Author:
Budiman Irwan,Faisal Mohammad Reza,Faridhah Astina,Farmadi Andi,Mazdadi Muhammad Itqan,Saragih Triando Hamonangan,Abadi Friska
Abstract
Messages shared on social media platforms like X are automatically categorized into two groups: those who self-report COVID-19 status and those who do not. However, it is essential to note that these messages cannot be a reliable monitoring tool for tracking the spread of the COVID-19 pandemic. The classification of social media messages can be achieved through the application of classification algorithms. Many deep learning-based algorithms, such as Convolutional Neural Networks (CNN) or Long Short-Term Memory (LSTM), have been used for text classification. However, CNN has limitations in understanding global context, while LSTM focuses more on understanding word-by-word sequences. Apart from that, both require a lot of data to learn.
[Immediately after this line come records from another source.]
(* Write Z = part_int (partition function), T = logpart = ln Z and L(d) for the
   expected disutility E[-U_a(profit)] of buying the portfolio d.  Maximizing expected
   utility is the same as minimizing L, and a direct computation gives
     L(d) = (1/a) exp(a (T(theta+d) - T theta) - T thetahat) * Z(thetahat - a d).
   The two arguments theta+d and thetahat - a d always have the same convex combination
     (a/(1+a)) (theta+d) + (1/(1+a)) (thetahat - a d) = theta + d0,
     d0 = (thetahat - theta)/(1+a),
   and they coincide exactly when d = d0.  Strict log-convexity of Z on the natural
   parameter space (a Hoelder-type inequality, strict because the family is minimal)
   therefore shows L(d0) < L(d) for every other admissible d. *)

section \<open>Strict convexity of the exponential\<close>

lemma exp_strict_convex_comb:
  fixes u v p :: real
  assumes "0 < p" "p < 1" "u \<noteq> v"
  shows "exp (p * u + (1 - p) * v) < p * exp u + (1 - p) * exp v"
proof -
  let ?w = "u - v" and ?m = "p * u + (1 - p) * v"
  \<comment> \<open>Tangent line of exp at 0, strict away from 0, applied at both endpoints.\<close>
  have tangent: "1 + x < exp x" if "x \<noteq> 0" for x :: real
    using exp_minus_greater[of "-x"] that by simp
  have "p * (1 + (1 - p) * ?w) < p * exp ((1 - p) * ?w)"
    using assms by (intro mult_strict_left_mono tangent) auto
  moreover have "(1 - p) * (1 + (- p * ?w)) < (1 - p) * exp (- p * ?w)"
    using assms by (intro mult_strict_left_mono tangent) auto
  ultimately have "1 < p * exp ((1 - p) * ?w) + (1 - p) * exp (- p * ?w)"
    by (simp add: algebra_simps)
  hence "exp ?m * 1 < exp ?m * (p * exp ((1 - p) * ?w) + (1 - p) * exp (- p * ?w))"
    by simp
  also have "\<dots> = p * exp u + (1 - p) * exp v"
    by (simp add: distrib_left mult.left_commute flip: exp_add) (simp add: algebra_simps)
  finally show ?thesis by simp
qed

lemma exp_convex_comb:
  fixes u v p :: real
  assumes "0 < p" "p < 1"
  shows "exp (p * u + (1 - p) * v) \<le> p * exp u + (1 - p) * exp v"
  using exp_strict_convex_comb[OF assms, of u v]
  by (cases "u = v") (auto simp flip: distrib_right)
Currently, an algorithm is being developed for text classification that can cover the shortcomings of the previous algorithm, namely Bidirectional Encoder Representations from Transformers (BERT). Currently, there are many variants of BERT development. The primary objective of this study was to compare the effectiveness of two classification models, namely BERT and IndoBERT, in identifying self-report messages of COVID-19 status. Both BERT and IndoBERT models were evaluated using raw and preprocessed text data from X. The study's findings revealed that the IndoBERT model exhibited superior performance, achieving an accuracy rate of 94%, whereas the BERT model achieved a performance rate of 82%.